The total cost for me was less than $200 (if I don't count labor... which my grandfather would be very mad at me for not doing) since most of the parts I either had from a 3D printer I had built a few years ago and replaced with a larger model recently. A lot of the stepper motors came from old printers I disassembled. The control board is a RAMPS 1.4 which is the old reliable method of controlling simple robotics in a lot of the open source community. The largest expense was the cutting tool I chose, which is a new Makita trim router that holds 1/4" bits and I have collets so that it can take the more common 1/8" bits as well as the 6-8mm bits readily available from China.

I would say this only took me maybe three solid workdays to complete, of course spread across the weeks when I had scraps of free time or when I wasn't waiting on parts. I am now learning the CAM aspect of it myself.

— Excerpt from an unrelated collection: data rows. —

lemma pderiv_coord_commute:
  fixes f :: "real^'n::finite \<Rightarrow> real"
  assumes "open U" "b \<in> U" "Ck_on 2 f U"
  shows "pderiv_coord j (pderiv_coord k f) b = pderiv_coord k (pderiv_coord j f) b"
proof -
  let ?c1 = "pderiv_coord k (pderiv_coord j f)"
  let ?c2 = "pderiv_coord j (pderiv_coord k f)"
  have "continuous_on U ?c1" "continuous_on U ?c2"
    using \<open>Ck_on 2 f U\<close> by (simp_all add: numeral_2_eq_2)
  then have "isCont ?c1 b" "isCont ?c2 b"
    using \<open>open U\<close> \<open>b \<in> U\<close> continuous_on_eq_continuous_at by blast+
  txt \<open>The same second difference, divided by h^2, is a value of either mixed partial at
    some point within 2h of b.\<close>
  have close: "\<bar>?c2 b - ?c1 b\<bar> < 2 * \<epsilon>" if "\<epsilon> > 0" for \<epsilon>
  proof -
    obtain \<delta>1 where "\<delta>1 > 0" "ball b \<delta>1 \<subseteq> U" "\<And>x. x \<in> ball b \<delta>1 \<Longrightarrow> dist (?c1 x) (?c1 b) < \<epsilon>"
      using isCont_ball_within_open[OF \<open>open U\<close> \<open>b \<in> U\<close> \<open>isCont ?c1 b\<close> \<open>\<epsilon> > 0\<close>] by blast
    obtain \<delta>2 where "\<delta>2 > 0" "\<And>x. x \<in> ball b \<delta>2 \<Longrightarrow> dist (?c2 x) (?c2 b) < \<epsilon>"
      using isCont_ball_within_open[OF \<open>open U\<close> \<open>b \<in> U\<close> \<open>isCont ?c2 b\<close> \<open>\<epsilon> > 0\<close>] by blast
    define h where "h = min \<delta>1 \<delta>2 / 4"
    have "0 < h" "cball b (2 * h) \<subseteq> U"
      using \<open>\<delta>1 > 0\<close> \<open>\<delta>2 > 0\<close> \<open>ball b \<delta>1 \<subseteq> U\<close> by (auto simp: h_def)
    then obtain x y where "x \<in> ball b (2 * h)" "y \<in> ball b (2 * h)"
      and eq1: "f (b + h *\<^sub>R axis j 1 + h *\<^sub>R axis k 1) - f (b + h *\<^sub>R axis j 1) - f (b + h *\<^sub>R axis k 1) + f b
        = h * h * ?c1 x"
      and eq2: "f (b + h *\<^sub>R axis k 1 + h *\<^sub>R axis j 1) - f (b + h *\<^sub>R axis k 1) - f (b + h *\<^sub>R axis j 1) + f b
        = h * h * ?c2 y"
      using pderiv_coord_second_difference[OF \<open>open U\<close> \<open>Ck_on 2 f U\<close>] by metis
    have "f (b + h *\<^sub>R axis j 1 + h *\<^sub>R axis k 1) = f (b + h *\<^sub>R axis k 1 + h *\<^sub>R axis j 1)"
      by (simp add: add_ac)
    with eq1 eq2 have "h * h * ?c1 x = h * h * ?c2 y"
      by linarith
    then have "?c1 x = ?c2 y"
      using \<open>0 < h\<close> by simp
    moreover have "x \<in> ball b \<delta>1" "y \<in> ball b \<delta>2"
      using \<open>x \<in> _\<close> \<open>y \<in> _\<close> \<open>\<delta>1 > 0\<close> \<open>\<delta>2 > 0\<close> by (auto simp: h_def)
    then have "dist (?c1 x) (?c1 b) < \<epsilon>" "dist (?c2 y) (?c2 b) < \<epsilon>"
      using \<open>\<And>x. x \<in> ball b \<delta>1 \<Longrightarrow> _\<close> \<open>\<And>x. x \<in> ball b \<delta>2 \<Longrightarrow> _\<close> by blast+
    ultimately show ?thesis
      by (simp add: dist_real_def)
  qed
  show ?thesis
    using close[of "\<bar>?c2 b - ?c1 b\<bar> / 2"] by force
qed

lemma hess_coord_symmetric:
  assumes "open U" "b \<in> U" "Ck_on 2 F U"
  shows "transpose (hess_coord F b) = hess_coord F b"
  using pderiv_coord_commute[OF assms]
  by (simp add: vec_eq_iff transpose_def hess_coord_def)

lemma subspace_dim_full_iff_orthogonal:
  fixes S :: "'a::euclidean_space set"
  assumes "subspace S"
  shows "dim S = DIM('a) \<longleftrightarrow> (\<forall>x. (\<forall>y\<in>S. x \<bullet> y = 0) \<longrightarrow> x = 0)"
proof
  assume "dim S = DIM('a)"
  then have "S = UNIV"
    using dim_eq_full[of S] span_eq_iff[of S] assms by simp
  then show "\<forall>x. (\<forall>y\<in>S. x \<bullet> y = 0) \<longrightarrow> x = 0"
    by auto
next
  assume perp: "\<forall>x. (\<forall>y\<in>S. x \<bullet> y = 0) \<longrightarrow> x = 0"
  show "dim S = DIM('a)"
  proof (rule ccontr)
    assume "dim S \<noteq> DIM('a)"
    then have "dim S < DIM('a)"
      using dim_subset_UNIV[of S] by simp
    then obtain x where "x \<noteq> 0" "\<And>y. y \<in> span S \<Longrightarrow> orthogonal x y"
      using orthogonal_to_subspace_exists by blast
    then show False
      using perp span_base[of _ S] by (auto simp: orthogonal_def)
  qed
qed

lemma orthogonal_range_matrix_plus_line_iff:
  fixes H :: "real^'n^'m" and g :: "real^'m" and X :: "real^'m"
  shows "(\<forall>Y \<alpha>. X \<bullet> (H *v Y + \<alpha> *\<^sub>R g) = 0) \<longleftrightarrow> g \<bullet> X = 0 \<and> transpose H *v X = 0"
proof -
  have adj: "X \<bullet> (H *v Y) = (transpose H *v X) \<bullet> Y" for Y
    by (simp add: dot_lmul_matrix)
  show ?thesis
  proof
    assume "\<forall>Y \<alpha>. X \<bullet> (H *v Y + \<alpha> *\<^sub>R g) = 0"
    from this[rule_format, of 0 1] this[rule_format, of "transpose H *v X" 0]
    show "g \<bullet> X = 0 \<and> transpose H *v X = 0"
      by (simp add: adj inner_commute)
  qed (simp add: inner_add_right adj inner_commute)
qed

lemma dim_range_matrix_plus_line_full_iff:
  fixes H :: "real^'n^'n" and g :: "real^'n"
  shows "dim (range (\<lambda>(X, \<alpha>::real). H *v X + \<alpha> *\<^sub>R g)) = CARD('n)
    \<longleftrightarrow> (\<forall>X. g \<bullet> X = 0 \<and> transpose H *v X = 0 \<longrightarrow> X = 0)"
proof -
  have "linear (\<lambda>(X, \<alpha>::real). H *v X + \<alpha> *\<^sub>R g)"
    by (auto simp: linear_iff matrix_vector_right_distrib algebra_simps matrix_vector_mult_scaleR)
  then have "subspace (range (\<lambda>(X, \<alpha>::real). H *v X + \<alpha> *\<^sub>R g))"
    using linear_subspace_image subspace_UNIV by blast
  from subspace_dim_full_iff_orthogonal[OF this] show ?thesis
    by (simp add: orthogonal_range_matrix_plus_line_iff)
qed

theorem mainTheorem2:
  fixes F :: "real^'n::finite \<Rightarrow> real" and U :: "(real^'n) set" and b :: "real^'n"
  assumes "open U" and "b \<in> U" and "smooth_on F U"
  shows "bryuno_cond F b \<longleftrightarrow> condition_N F b"
proof -
  have "Ck_on 2 F U"
    using \<open>smooth_on F U\<close> unfolding smooth_on_def by blast
  then have "transpose (hess_coord F b) = hess_coord F b"
    using hess_coord_symmetric \<open>open U\<close> \<open>b \<in> U\<close> by blast
  then show ?thesis
    unfolding bryuno_cond_def condition_N_def
    using dim_range_matrix_plus_line_full_iff[of "hess_coord F b" "grad_coord F b"] by simp
qed

end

I would say that Vectorworks is an excellent tool for either generating the original geometry from scratch or modifying it, and thats the same on Mac vs Windows. The DXF output settings are something I may share in an article after I have had a chance to confirm. BUT I have yet to find a CAM software solution on the Mac. I have been using the shareware (though I ended up buying a copy because it was so powerful) EstlCAM on windows and its quite capable. Fusion 360 is a viable Mac option I believe, but I have not learned much about its CAM solution yet.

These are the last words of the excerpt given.